Fallbeispiel S&P 500

Analysieren wir jetzt einfach mal die Lage beim marktbreiten US-Index Standard & Poor’s 500, kurz S&P 500. Wie sähe die Signallage hier für die Crossover-Trader aus?

Wir sehen, dass der S&P 500 noch ein weitaus bullischeres Bild zeigt als der DAX. Der Index war zwar im Oktober durch alle vier SMA, d.h. durch die SMA 20, 50, 100 und 200 gefallen. Aber die SMA an sich stehen noch recht bullisch da. Bis Anfang Oktober lag hier noch ein „bullish straight“ vor. Danach gab es einen bärischen Crossover, indem der SMA 20 unter den SMA 50 rutschte. Aber die anderen Zeitebenen halten noch die Stellung: Die Reihenfolge der SMA 50, 100 und 200 ist noch bullisch.
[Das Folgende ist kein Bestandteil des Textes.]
(* Let $\Gamma$ be a finitely generated abelian group, $\mathcal{A}$ a finite list of elements of $\Gamma$, and $G=\mathbb{S}^1$ or $G=\mathbb{C}^\times$. Fix $k\in\mathbb{Z}_{>0}$. Then for every sublist $\mathcal{S}\subseteq\mathcal{A}$, $$\#\big(\mathrm{cc}(H_{\mathcal{S},G})\cap L[k]\big)=m(\mathcal{S};\mathbb{Z}/k\mathbb{Z}).$$
   Context: $G$ is written multiplicatively; $T=\operatorname{Hom}(\Gamma,G)$ with identity element $\mathbf{1}$. For $\alpha\in\mathcal{A}$, $H_{\alpha,G}=\{\varphi\in T\mid\varphi(\alpha)=1\}$; for $\mathcal{S}\subseteq\mathcal{A}$, $H_{\mathcal{S},G}=\bigcap_{\alpha\in\mathcal{S}}H_{\alpha,G}$ ($H_{\emptyset,G}=T$). $\mathrm{cc}(X)$ denotes the set of connected components of $X$. $L$ is the set of connected components of all nonempty $H_{\mathcal{S},G}$, $\mathcal{S}\subseteq\mathcal{A}$. For $k\in\mathbb{Z}$, $E_k:T\to T$, $\varphi\mapsto\varphi^k$, and $L[k]=\{\mathcal{C}\in L\mid\mathbf{1}\in E_k(\mathcal{C})\}$. $m(\mathcal{S};\mathbb{Z}/k\mathbb{Z})=\#\operatorname{Hom}\big((\Gamma/\langle\mathcal{S}\rangle)_{\operatorname{tor}},\mathbb{Z}/k\mathbb{Z}\big)$, where $\langle\mathcal{S}\rangle$ is the subgroup generated by $\mathcal{S}$ and $(\cdot)_{\operatorname{tor}}$ denotes the torsion subgroup. *)

theory Defs
  imports "HOL-Analysis.Analysis" "HOL-Algebra.Algebra"
begin

definition fin_gen_group :: "('a, 'b) monoid_scheme \<Rightarrow> bool" where
  "fin_gen_group \<Gamma> \<longleftrightarrow> (\<exists>F. finite F \<and> F \<subseteq> carrier \<Gamma> \<and> generate \<Gamma> F = carrier \<Gamma>)"

(* T = Hom(Gamma, G), G given as a subgroup Gs of the multiplicative group of complex numbers
   (S^1 = sphere 0 1 or C^x = - {0}).  Homomorphisms are extensional (undefined off the carrier)
   and T carries the topology of pointwise convergence (product topology on 'a \<Rightarrow> complex). *)
definition homT :: "('a, 'b) monoid_scheme \<Rightarrow> complex set \<Rightarrow> ('a \<Rightarrow> complex) set" where
  "homT \<Gamma> Gs = {\<phi>. \<phi> \<in> extensional (carrier \<Gamma>) \<and> (\<forall>x\<in>carrier \<Gamma>. \<phi> x \<in> Gs) \<and>
      (\<forall>x\<in>carrier \<Gamma>. \<forall>y\<in>carrier \<Gamma>. \<phi> (x \<otimes>\<^bsub>\<Gamma>\<^esub> y) = \<phi> x * \<phi> y)}"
Der Index selbst ist aber, wie zu sehen ist, bereits durch die einzelnen SMA hindurch gerutscht. Was als Indikation bedeutet: Würden sich hier jetzt noch weitere Abwärts-Crossover auf den höheren SMA-Zeitebenen einstellen UND würde der S&P 500 wieder unter alle vier SMA fallen, wäre das eine Bestätigung für die Bären. Das würde den Abstieg des Index mit recht hoher Wahrscheinlichkeit in einen zweiten größeren Abwärtsimpuls tragen, weil die Trader auf solche Crossover mit erneuten Short-Trades bzw. der Verstärkung bestehender Short-Positionen reagieren würden.